Research on 18th-century Scotland has provided historians with plenty of information about royal families, who left behind journals, portraits and letters. Most other Scottish citizens of the period, however, have remained widely unstudied because they lack a clearly recorded history.
Erin Annis, a Binghamton University doctoral student, is studying these lesser-known families, four in particular, to learn about how their perceptions and definitions of themselves changed.
The 18th century was a turning point in the Scottish sociopolitical climate, allowing Scottish citizens to participate in unprecedented travel and interactions with foreigners. “What I really love about the period,” Annis says, “is that people started writing and talking about their thoughts and feelings for the first time.”
Her research addresses how new, foreign interactions changed the way these families defined themselves. Only one of the families Annis is studying has previously been researched, and by looking at more families, she can apply what she learns to a broader audience. Annis’ research allows her to picture paint a picture of what life was like for the middle classes in general, not just one family.
“I want to push this even further,” she says, “and ask, what does this tell us about how people in general experience the British Empire?”
Annis faces unique challenges as her research requires traveling to nine archives across Europe and America. There, she hunts down letters, journals, legal suits and anything else available and, preferably, legible.
“She’s developed a project which requires sophistication and an archival source base that few graduate students will dare attempt to combine,” says Howard Brown, a history professor and Annis’ adviser.

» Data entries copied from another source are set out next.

lemma remainder_sq_le:
  assumes "secular_root 1 lp" "secular_root (-1) lm"
  shows "(\<Sum>z\<in>UNIV. ((resolvent lp (b_sym 1) z - resolvent lm (b_sym (-1)) z) / 2)\<^sup>2)
           \<le> 4 * m / (L - m)\<^sup>2"
proof -
  define w where "w z = (resolvent lp (b_sym 1) z - resolvent lm (b_sym (-1)) z) / 2" for z
  have L: "L \<le> lp" "L \<le> lm" using assms unfolding secular_root_def by auto
  have ml: "m < lp" "m < lm" using L L_ge by linarith+
  have Lm: "0 < L - m" using L_ge m_nonneg by linarith
  have b_abs: "\<bar>b_sym 1 z\<bar> \<le> 2" "\<bar>b_sym (-1) z\<bar> \<le> 2" for z by (rule abs_b_sym_le, simp)+
  have b_l1: "(\<Sum>z\<in>UNIV. \<bar>b_sym 1 z\<bar>) \<le> 2 * m" "(\<Sum>z\<in>UNIV. \<bar>b_sym (-1) z\<bar>) \<le> 2 * m"
    by (rule sum_abs_b_sym_le, simp)+
  have mono: "c / (l - m) \<le> c / (L - m)" if "L \<le> l" "0 \<le> c" for c l
    by (rule divide_left_mono) (use that Lm in auto)
  have w_abs: "\<bar>w z\<bar> \<le> 2 / (L - m)" for z
  proof -
    have "\<bar>resolvent lp (b_sym 1) z\<bar> \<le> 2 / (L - m)" "\<bar>resolvent lm (b_sym (-1)) z\<bar> \<le> 2 / (L - m)"
      using abs_resolvent_le[of "b_sym 1" 2, OF b_abs(1) ml(1)] abs_resolvent_le[of "b_sym (-1)" 2, OF b_abs(2) ml(2)]
        mono[OF L(1), of 2] mono[OF L(2), of 2] by (auto intro: order_trans)
    thus ?thesis unfolding w_def by (simp add: abs_le_iff)
  qed
  have w_l1: "(\<Sum>z\<in>UNIV. \<bar>w z\<bar>) \<le> 2 * m / (L - m)"
  proof -
    have "(\<Sum>z\<in>UNIV. \<bar>w z\<bar>)
        \<le> (\<Sum>z\<in>UNIV. (\<bar>resolvent lp (b_sym 1) z\<bar> + \<bar>resolvent lm (b_sym (-1)) z\<bar>) / 2)"
      unfolding w_def by (rule sum_mono) simp
    also have "\<dots>
        = ((\<Sum>z\<in>UNIV. \<bar>resolvent lp (b_sym 1) z\<bar>) + (\<Sum>z\<in>UNIV. \<bar>resolvent lm (b_sym (-1)) z\<bar>)) / 2"
      unfolding sum_divide_distrib[symmetric] sum.distrib by (rule refl)
    also have "\<dots> \<le> (2 * m / (lp - m) + 2 * m / (lm - m)) / 2"
      using resolvent_l1_le[of "b_sym 1" 2, OF b_abs(1) b_l1(1) ml(1)] resolvent_l1_le[of "b_sym (-1)" 2, OF b_abs(2) b_l1(2) ml(2)] by simp
    also have "\<dots> \<le> 2 * m / (L - m)"
      using mono[OF L(1), of "2 * m"] mono[OF L(2), of "2 * m"] m_nonneg by simp
    finally show ?thesis .
  qed
  have "(\<Sum>z\<in>UNIV. (w z)\<^sup>2) = (\<Sum>z\<in>UNIV. \<bar>w z\<bar> * \<bar>w z\<bar>)" by (simp add: power2_eq_square)
  also have "\<dots> \<le> (\<Sum>z\<in>UNIV. \<bar>w z\<bar> * (2 / (L - m)))"
    by (rule sum_mono, rule mult_left_mono[OF w_abs]) simp
  also have "\<dots> \<le> 2 * m / (L - m) * (2 / (L - m))"
    unfolding sum_distrib_right[symmetric] by (rule mult_right_mono[OF w_l1]) (use Lm in simp)
  also have "\<dots> = 4 * m / (L - m)\<^sup>2" by (simp add: power2_eq_square)
  finally show ?thesis unfolding w_def .
qed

“I like to learn about these people from a perspective that hasn’t been filtered through what another historian thinks,” Annis says. “And then being able to filter it myself and come up with an explanation for what choices they made and how that affected them. I’m understanding these people and learning from them, and that’s what I really enjoy about this work.”
Annis, a Michigan native, plans to combine the knowledge she has gained into a book after completing her dissertation.
“I hope it leads to a string of publications that reveal innovative and penetrating analysis,” Brown says, “where she’ll make original contributions to the scholarship on 18th-century identity.”